In practice, you need to teach the format by example: show a small TOON snippet, name the format explicitly, and clearly state that the model should use it in its response. The authors emphasize that demonstration works better than explanation – LLMs quickly infer the pattern once they see the header, the field list, and a few aligned rows. After generation, it’s good practice to decode or parse the output to confirm it matches the expected structure before using it downstream.
This simple loop – show, request, verify – tends to be the most reliable way to incorporate TOON into real workflows. So, for example, before passing real data with the prompt, you can show a fragment of TOON to the LLM and/or explain how to manipulate it: with a fragment like this, you explain the TOON format and also teach the LLM how to present TOON data (notice toon – at the beginning of the fragment)
```toon
users[3,]{id,name,age}:
1,Alice,30
2,Bob,25
3,Charlie,35
```
Or you can use a brief TOON explanation before using it:
Respond using TOON format (Token-Oriented Object Notation):
- Use `key: value` for objects
- Use indentation for nesting
- Use `[N]` to indicate array lengths
- Use tabular format `[N,]{fields}:` for uniform arrays
Example:
users[2,]{id,name}:
1,Alice
2,Bob
As LLM usage grows and context windows expand, every token counts – both in terms of cost and performance. TOON offers a compelling format for those feeding structured, repetitive data into models: by declaring field names once, flattening rows, and cutting syntactic overhead, it achieves meaningful reductions in token usage while preserving structure.
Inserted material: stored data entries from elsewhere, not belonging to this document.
(* Let $n \ge 1$ be an integer and let $t$ be an integer with $0 < t < \frac{n+1}{2}$. Let $\mathcal{I}$ be the input complex, $\mathcal{O}'$ the colorless output complex and $\Xi$ the colorless carrier map of the colorless cross-blockchain transaction (CBT) task on $n+1$ blockchains, as defined in the context. Then there is no continuous map $f : |\mathrm{skel}^t \mathcal{I}| \to |\mathcal{O}'|$ carried by $\Xi$, i.e. there is no continuous $f$ with $f(|\sigma|) \subseteq |\Xi(\sigma)|$ for every simplex $\sigma$ of $\mathrm{skel}^t \mathcal{I}$.
   Context: Setting. There are $n+1$ distinct blockchains $C_0,\dots,C_n$. An $(n+1)$-party cross-blockchain transaction (CBT) touches exactly one block $v_i$ on each blockchain $C_i$, $0 \le i \le n$. Input complex $\mathcal{I}$. The vertices of $\mathcal{I}$ are the $3(n+1)$ pairs $(v_i, a)$ with $0 \le i \le n$ and $a \in \{0,1,\bot\}$. Here $a=0$ means the local transaction on $C_i$ is not committed, $a=1$ means it is committed, and $a=\bot$ means the branch containing the block has been suspended by a fork. A nonempty set of vertices is a simplex of $\mathcal{I}$ if and only if its vertices involve pairwise distinct blocks. Thus $\mathcal{I}$ is pure of dimension $n$. Colorless output complex $\mathcal{O}'$. Its vertices are the two values $0$ (aborted) and $1$ (committed), and its only simplices are the two $0$-simplices $\{0\}$ and $\{1\}$. Colorless carrier map $\Xi$. For a simplex $\sigma$ of $\mathcal{I}$, $\Xi(\sigma)$ is the following subcomplex of $\mathcal{O}'$: - $\Xi(\sigma) = \{1\}$ if every input value in $\sigma$ is $1$; - $\Xi(\sigma) = \{0\}$ if some input value in $\sigma$ is $\bot$; - $\Xi(\sigma) = \mathcal{O}'$ (the two points $0$ and $1$) otherwise. Notation. $\mathrm{skel}^t \mathcal{I}$ is the $t$-skeleton of $\mathcal{I}$, the subcomplex of simplices of dimension at most $t$. $|\cdot|$ denotes geometric realization. *)

theory Defs
  imports "HOL-Analysis.Analysis"
begin

(* Geometric realization via barycentric coordinates: points are functions
   'v \<Rightarrow> real, with the product topology (Function_Topology). *)

definition simplex_real :: "'v set \<Rightarrow> ('v \<Rightarrow> real) set" where
  "simplex_real \<sigma> = {x. (\<forall>v. 0 \<le> x v) \<and> (\<forall>v. v \<notin> \<sigma> \<longrightarrow> x v = 0) \<and> sum x \<sigma> = 1}"

definition realization :: "'v set set \<Rightarrow> ('v \<Rightarrow> real) set" where
  "realization K = \<Union> (simplex_real ` K)"

definition skel :: "nat \<Rightarrow> 'v set set \<Rightarrow> 'v set set" where
  "skel t K = {\<sigma> \<in> K. card \<sigma> \<le> t + 1}"

(* input values: 0 (not committed), 1 (committed), \<bottom> (suspended by fork) *)
datatype inval = In0 | In1 | InBot

(* output values: 0 (aborted), 1 (committed) *)
datatype outval = Out0 | Out1

(* block v_i on blockchain C_i is identified with its index i *)
definition CBT_input :: "nat \<Rightarrow> (nat \<times> inval) set set" where
  "CBT_input n = {\<sigma>. \<sigma> \<noteq> {} \<and> finite \<sigma> \<and> (\<forall>x\<in>\<sigma>. fst x \<le> n) \<and> inj_on fst \<sigma>}"

definition CBT_output :: "outval set set" where
  "CBT_output = {{Out0}, {Out1}}"

definition CBT_carrier :: "(nat \<times> inval) set \<Rightarrow> outval set set" where
  "CBT_carrier \<sigma> =
     (if (\<forall>x\<in>\<sigma>. snd x = In1) then {{Out1}}
      else if (\<exists>x\<in>\<sigma>. snd x = InBot) then {{Out0}}
      else CBT_output)"

end

theory Submission
  imports Defs
begin

(* The carrier map is not monotone: the committed vertex (v_0, 1) alone is carried to the output 1,
   but together with a suspended block (v_1, \<bottom>) it spans an edge carried to the output 0.
   The vertex is a point of both realizations, so already its image is constrained to two
   disjoint sets; hence no map at all, continuous or not, is carried by the carrier map.
   This needs only t \<ge> 1 (the edge lies in the t-skeleton) and n \<ge> 1 (the block v_1 exists). *)

lemma indicator_in_simplex_real:
  assumes "finite \<sigma>" and "v \<in> \<sigma>"
  shows "indicator {v} \<in> simplex_real \<sigma>"
  using assms by (auto simp: simplex_real_def indicator_def)

lemma realization_singleton_simplex: "realization {{w}} = {indicator {w}}"
proof -
  have "x = indicator {w}" if "x \<in> simplex_real {w}" for x :: "'a \<Rightarrow> real"
    using that by (auto simp: simplex_real_def indicator_def)
  then show ?thesis
    by (auto simp: realization_def intro: indicator_in_simplex_real)
qed

lemma no_map_carried_if_shared_vertex_has_disjoint_carriers:
  assumes "\<sigma> \<in> K" and "\<tau> \<in> K" and "finite \<sigma>" and "finite \<tau>" and "v \<in> \<sigma> \<inter> \<tau>"
    and "realization (\<Xi> \<sigma>) \<inter> realization (\<Xi> \<tau>) = {}"
  shows "\<not> (\<exists>f. \<forall>\<rho>\<in>K. f ` simplex_real \<rho> \<subseteq> realization (\<Xi> \<rho>))"
proof
  assume "\<exists>f. \<forall>\<rho>\<in>K. f ` simplex_real \<rho> \<subseteq> realization (\<Xi> \<rho>)"
  then obtain f where carried: "\<forall>\<rho>\<in>K. f ` simplex_real \<rho> \<subseteq> realization (\<Xi> \<rho>)"
    by blast
  have "indicator {v} \<in> simplex_real \<sigma>" and "indicator {v} \<in> simplex_real \<tau>"
    using assms(3-5) by (simp_all add: indicator_in_simplex_real)
  then have "f (indicator {v}) \<in> realization (\<Xi> \<sigma>)" and "f (indicator {v}) \<in> realization (\<Xi> \<tau>)"
    using carried assms(1,2) by blast+
  with assms(6) show False by blast
qed

lemma CBT_carrier_committed_vertex: "realization (CBT_carrier {(i, In1)}) = {indicator {Out1}}"
  by (simp add: CBT_carrier_def realization_singleton_simplex)

lemma CBT_carrier_edge_to_suspended:
  "realization (CBT_carrier {(i, In1), (j, InBot)}) = {indicator {Out0}}"
  by (simp add: CBT_carrier_def realization_singleton_simplex)

lemma indicator_Out0_ne_Out1: "(indicator {Out0} :: outval \<Rightarrow> real) \<noteq> indicator {Out1}"
proof
  assume "indicator {Out0} = (indicator {Out1} :: outval \<Rightarrow> real)"
  then have "indicator {Out0} Out0 = (indicator {Out1} Out0 :: real)" by simp
  then show False by simp
qed

theorem lemma1:
  fixes n t :: nat
  assumes "n \<ge> 1" and "0 < t" and "2 * t < n + 1"
  shows "\<not> (\<exists>f. continuous_map (top_of_set (realization (skel t (CBT_input n))))
                                (top_of_set (realization CBT_output)) f
              \<and> (\<forall>\<sigma>\<in>skel t (CBT_input n).
                    f ` simplex_real \<sigma> \<subseteq> realization (CBT_carrier \<sigma>)))"
proof -
  let ?a = "(0::nat, In1)" and ?b = "(1::nat, InBot)"
  have vertex: "{?a} \<in> skel t (CBT_input n)" and edge: "{?a, ?b} \<in> skel t (CBT_input n)"
    using assms(1,2) by (auto simp: skel_def CBT_input_def)
  have "realization (CBT_carrier {?a}) \<inter> realization (CBT_carrier {?a, ?b}) = {}"
    using indicator_Out0_ne_Out1
    by (simp add: CBT_carrier_committed_vertex CBT_carrier_edge_to_suspended)
  then have "\<not> (\<exists>f. \<forall>\<sigma>\<in>skel t (CBT_input n).
                   f ` simplex_real \<sigma> \<subseteq> realization (CBT_carrier \<sigma>))"
    using no_map_carried_if_shared_vertex_has_disjoint_carriers
        [OF vertex edge, where v = ?a and \<Xi> = CBT_carrier]
    by simp
  then show ?thesis by blast
qed

end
That said, the format has its sweet spots: when your data is uniform, tabular, and high-volume. If your dataset is deeply nested, irregular, or you’re already using simple CSV, the gains may be minimal or even reversed.
If you’re working with LLM prompts that include large arrays of objects and you’re hitting token-budget constraints, it’s worth exploring TOON: try converting a sample dataset, measure token counts with your target tokenizer, compare accuracy/bandwidth, and decide whether the switch is worth it in your context.